■ Dataset content ■
lemma solutions_eq_two_discs:
  assumes "av b \<le> av (w ^ l)" and "av w ^ l < av (2 * eta) * av (2 * eta)"
  defines "r \<equiv> av (w ^ l / (2 * eta))"
  shows "solutions l = disc eta r \<union> disc (- eta) r"
    and "disc eta r \<inter> disc (- eta) r = {}"
    and "0 < r" "r < 1"
proof -
  have "av (2 * eta) \<noteq> 0" using assms(2) zero_less_power[OF av_w_pos, of l] by (metis less_asym mult_zero_left)
  then have t: "0 < av (2 * eta)" using av_nonneg[of "2 * eta"] by linarith
  have r: "r * av (2 * eta) = av w ^ l" "0 < r" "r < av (2 * eta)"
    using t assms(2) av_w_pos by (simp_all add: r_def av_divide av_power divide_less_eq)
  show "0 < r" "r < 1" using r av_2_eta_le_1 by auto
  show "solutions l = disc eta r \<union> disc (- eta) r"
  proof (intro set_eqI)
    fix x
    have "x + eta = (x - eta) + 2 * eta" by simp
    from av_mult_le_iff_near[OF this r(1) _ r(3)] r(2)
    have "av (x - eta) * av (x + eta) \<le> av w ^ l \<longleftrightarrow> av (x - eta) \<le> r \<or> av (x + eta) \<le> r"
      by simp
    then show "x \<in> solutions l \<longleftrightarrow> x \<in> disc eta r \<union> disc (- eta) r"
      using solutions_iff_factors[OF assms(1)] by auto
  qed
  show "disc eta r \<inter> disc (- eta) r = {}"
  proof (intro equals0I)
    fix x assume "x \<in> disc eta r \<inter> disc (- eta) r"
    then have "av (x - eta) \<le> r" "av (x + eta) \<le> r" by auto
    moreover have "av (2 * eta) \<le> max (av (x + eta)) (av (x - eta))"
      using av_diff_le_max[of "x + eta" "x - eta"] by simp
    ultimately show False using r(3) by auto
  qed
qed

end

theorem lemma3p2:
  fixes av :: "'a::field \<Rightarrow> real" and w rho eta b :: 'a and l :: nat and M :: "'a measure"
  assumes "nonarch_local_field av"
    and "av 2 < 1"
    and "normalized_uniformizer av w"
    and "normalized_haar av M"
    and "rho \<in> vring av"
    and "rho = eta ^ 2 + b"
    and "pideal av b = quadratic_defect av rho"
  defines "X \<equiv> measure M {x \<in> vring av. x ^ 2 - rho \<in> pideal av (w ^ l)}"
  shows "(b \<notin> pideal av (w ^ l) \<longrightarrow> X = 0)
    \<and> (b \<in> pideal av (w ^ l) \<and> av (w ^ l) < av (4 * eta ^ 2)
         \<longrightarrow> X = 2 * av (w ^ l / (2 * eta)))
    \<and> (b \<in> pideal av (w ^ l) \<and> \<not> (av (w ^ l) < av (4 * eta ^ 2))
         \<longrightarrow> X = av w ^ nat \<lceil>real l / 2\<rceil>)"
proof -
  interpret square_root_congruence av w M rho eta b
    using assms(1,3-7) by unfold_locales
  have X: "X = measure M (solutions l)" unfolding X_def solutions_def ..
  have "4 * eta ^ 2 = (2 * eta) * (2 * eta)" by (simp add: power2_eq_square)
  then have four_eta: "av (4 * eta ^ 2) = av (2 * eta) * av (2 * eta)" by (simp only: av_mult)
  have "- eta \<in> vring av" using eta_in_vring by (simp add: vring_iff)
  show ?thesis
  proof (intro conjI impI)
    assume "b \<notin> pideal av (w ^ l)"
    then show "X = 0" using solutions_empty by (simp add: X pideal_iff)
  next
    assume "b \<in> pideal av (w ^ l) \<and> av (w ^ l) < av (4 * eta ^ 2)"
    then have "av b \<le> av (w ^ l)" "av w ^ l < av (2 * eta) * av (2 * eta)"
      by (simp_all add: pideal_iff four_eta av_power)
    note two_discs = solutions_eq_two_discs[OF this]
    let ?r = "av (w ^ l / (2 * eta))"
    have "X = measure M (disc eta ?r) + measure M (disc (- eta) ?r)"
      unfolding X two_discs(1) using two_discs(2) eta_in_vring \<open>- eta \<in> vring av\<close>
      by (intro finite_measure_Union disc_in_sets)
    also have "\<dots> = 2 * ?r"
      using measure_disc_av[OF eta_in_vring] measure_disc_av[OF \<open>- eta \<in> vring av\<close>] two_discs(3,4)
      by simp
    finally show "X = 2 * ?r" .
  next
    assume "b \<in> pideal av (w ^ l) \<and> \<not> av (w ^ l) < av (4 * eta ^ 2)"
    then have "av b \<le> av (w ^ l)" "av (2 * eta) * av (2 * eta) \<le> av w ^ l"
      by (simp_all add: pideal_iff four_eta av_power)
    then show "X = av w ^ nat \<lceil>real l / 2\<rceil>"
      by (simp add: X solutions_eq_disc measure_disc eta_in_vring)
  qed
qed

end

■ Problem description ■
Without changing anything, quote the lines from the top of the data to the line that contains "solutions l \<longleftrightarrow>", including that line.

■ Result for this task ■
lemma solutions_eq_two_discs:
  assumes "av b \<le> av (w ^ l)" and "av w ^ l < av (2 * eta) * av (2 * eta)"
  defines "r \<equiv> av (w ^ l / (2 * eta))"
  shows "solutions l = disc eta r \<union> disc (- eta) r"
    and "disc eta r \<inter> disc (- eta) r = {}"
    and "0 < r" "r < 1"
proof -
  have "av (2 * eta) \<noteq> 0" using assms(2) zero_less_power[OF av_w_pos, of l] by (metis less_asym mult_zero_left)
  then have t: "0 < av (2 * eta)" using av_nonneg[of "2 * eta"] by linarith
  have r: "r * av (2 * eta) = av w ^ l" "0 < r" "r < av (2 * eta)"
    using t assms(2) av_w_pos by (simp_all add: r_def av_divide av_power divide_less_eq)
  show "0 < r" "r < 1" using r av_2_eta_le_1 by auto
  show "solutions l = disc eta r \<union> disc (- eta) r"
  proof (intro set_eqI)
    fix x
    have "x + eta = (x - eta) + 2 * eta" by simp
    from av_mult_le_iff_near[OF this r(1) _ r(3)] r(2)
    have "av (x - eta) * av (x + eta) \<le> av w ^ l \<longleftrightarrow> av (x - eta) \<le> r \<or> av (x + eta) \<le> r"
      by simp
    then show "x \<in> solutions l \<longleftrightarrow> x \<in> disc eta r \<union> disc (- eta) r"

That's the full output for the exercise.